Every credit institution aims at meeting the financial needs of all their customers with ease and stimulate business growth. To achieve efficiency, a good loan management system is needed.

Challenges in the industry

  • Cost control
  • Poor loan recovery
  • Weak institutional capacity
  • Employee management
  • Administrative challenges
  • Bulk membership data management
  • Management of range of products against quality services
  • Accounts and record keeping challenges
  • High Interest rates due to costs
  • Competition
  • Auditing and Inspection challenges

It is important that credit institutions acquire an innovative, turn-key, end-to-end securities-based loan management system (LMS). One that can connect lenders seeking to advance high-quality, cost effective loans with borrowers requiring convenient access to credit.

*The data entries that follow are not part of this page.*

lemma subgroup_conjugate:
  assumes "subgroup K (sym_group n)" "\<psi> \<in> perms n"
  shows "subgroup (\<psi> <#\<^bsub>sym_group n\<^esub> K #>\<^bsub>sym_group n\<^esub> inv' \<psi>) (sym_group n)"
proof -
  interpret S: group "sym_group n" by (rule sym_group_is_group)
  have \<psi>': "inv' \<psi> \<in> carrier (sym_group n)"
    using assms(2) by (simp add: carrier_sym_group perms_def permutes_inv)
  have "inv\<^bsub>sym_group n\<^esub> (inv' \<psi>) = \<psi>"
    using \<psi>' assms(2) by (simp add: perms_def permutes_bij inv_inv_eq)
  with S.subgroup_conjugation_is_surj1[OF \<psi>' assms(1)] show ?thesis by simp
qed

theorem mainTheorem1:
  fixes h n :: nat
  assumes "h \<ge> 2" and "n \<ge> 2"
  shows "(\<forall>U. is_subgroup_G h n U \<and> U \<subseteq> {id} \<times> perms n \<longrightarrow> is_neutrality_group h n U)
    \<and> (\<forall>U V. is_neutrality_group h n U \<and> is_subgroup_G h n V \<and> V \<subseteq> U \<longrightarrow> is_neutrality_group h n V)
    \<and> (\<forall>U g. is_neutrality_group h n U \<and> g \<in> Ggrp h n \<longrightarrow> is_neutrality_group h n (conjG g U))"
proof (intro conjI allI impI)
  \<comment> \<open>The argument only needs a first voter.\<close>
  have h: "1 \<le> h" using assms(1) by simp
  note neutrality_iff = is_neutrality_group_iff_subgroup[OF h]
  fix U
  show "is_subgroup_G h n U \<and> U \<subseteq> {id} \<times> perms n \<Longrightarrow> is_neutrality_group h n U"
    using neutrality_iff by blast
  fix V
  show "is_neutrality_group h n U \<and> is_subgroup_G h n V \<and> V \<subseteq> U \<Longrightarrow> is_neutrality_group h n V"
    using neutrality_iff by blast
  fix g
  assume "is_neutrality_group h n U \<and> g \<in> Ggrp h n"
  then obtain K \<phi> \<psi> where "subgroup K (sym_group n)" "U = {id} \<times> K" "g = (\<phi>, \<psi>)"
    "\<phi> \<in> perms h" "\<psi> \<in> perms n"
    by (auto simp: is_neutrality_group_iff[OF h] Ggrp_def)
  then have "conjG g U = {id} \<times> (\<psi> <#\<^bsub>sym_group n\<^esub> K #>\<^bsub>sym_group n\<^esub> inv' \<psi>)"
    and "subgroup (\<psi> <#\<^bsub>sym_group n\<^esub> K #>\<^bsub>sym_group n\<^esub> inv' \<psi>) (sym_group n)"
    by (simp_all add: conjG_id_times subgroup_conjugate)
  then show "is_neutrality_group h n (conjG g U)"
    by (auto simp: is_neutrality_group_iff[OF h])
qed

end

What considerations do I make when seeking a loan management software?

Cost

The first thing to consider is the cost. Cost here does not mean price rather, the overall cost of using the system. It is not only key to get an affordable system but also one which will reduce the cost of your operations from end to end.  A good system will combine several applications and functions to perform seamless operations without much of human interference.

Third party integration

Compatibility with other technologies and systems is equally important when choosing an LMS. You need a system that can easily integrate with banks, SMS platforms, mobile payment platforms and other payment platforms like Paypal and VISA cards. Any limitation in payment modes means that you are losing a market segment.
In addition, scalability too must be given priority when choosing a system. Loan management software should be scalable to a level of one stop shop for a credit institution.

Ease to use

Great loan management systems must be easy to use too. Training is a very costly exercise. Choosing a system that requires minimal or no training will save you money and time. Also, a system which clients can use is advantageous and reduces dependency on staff.
The member registration process should be easy for the members to do on their own. Clients should also be able to execute other activities such as checking loan balances, account statements and loan repayment with ease. A system that can support such activities is always the best.

Security

Security of the data is one of the key factors to consider when choosing loan management software. Handling such sensitive bulk data demands a system which is not susceptible to hackers and malware. Client data should be secure at all times.

Accessibility

Accessibility is the other thing that you must consider when looking for a system. A cloud based system which can be accessed at any time and at any place is currently most preferred. This makes sure that you are not limited by location or hours of business. At the same time, stability must be checked. The system must be stable, fast and with a memory worth of keeping the mammoth data you are dealing with.

Accounting Reports

Reporting and accounting are vital activities/ processes in any financial institution. A system must provide all required accounting and auditing reports at a click of a button. Check your reporting needs against the system you are choosing before acquiring one.

Support

Lastly, you must consider the need for support. All institutions require support at some point. A good system developer must show how best he/she will provide support is needed.

The process of finding a good system is very important. Examine carefully all the options presented to you and find a system that is suitable for you.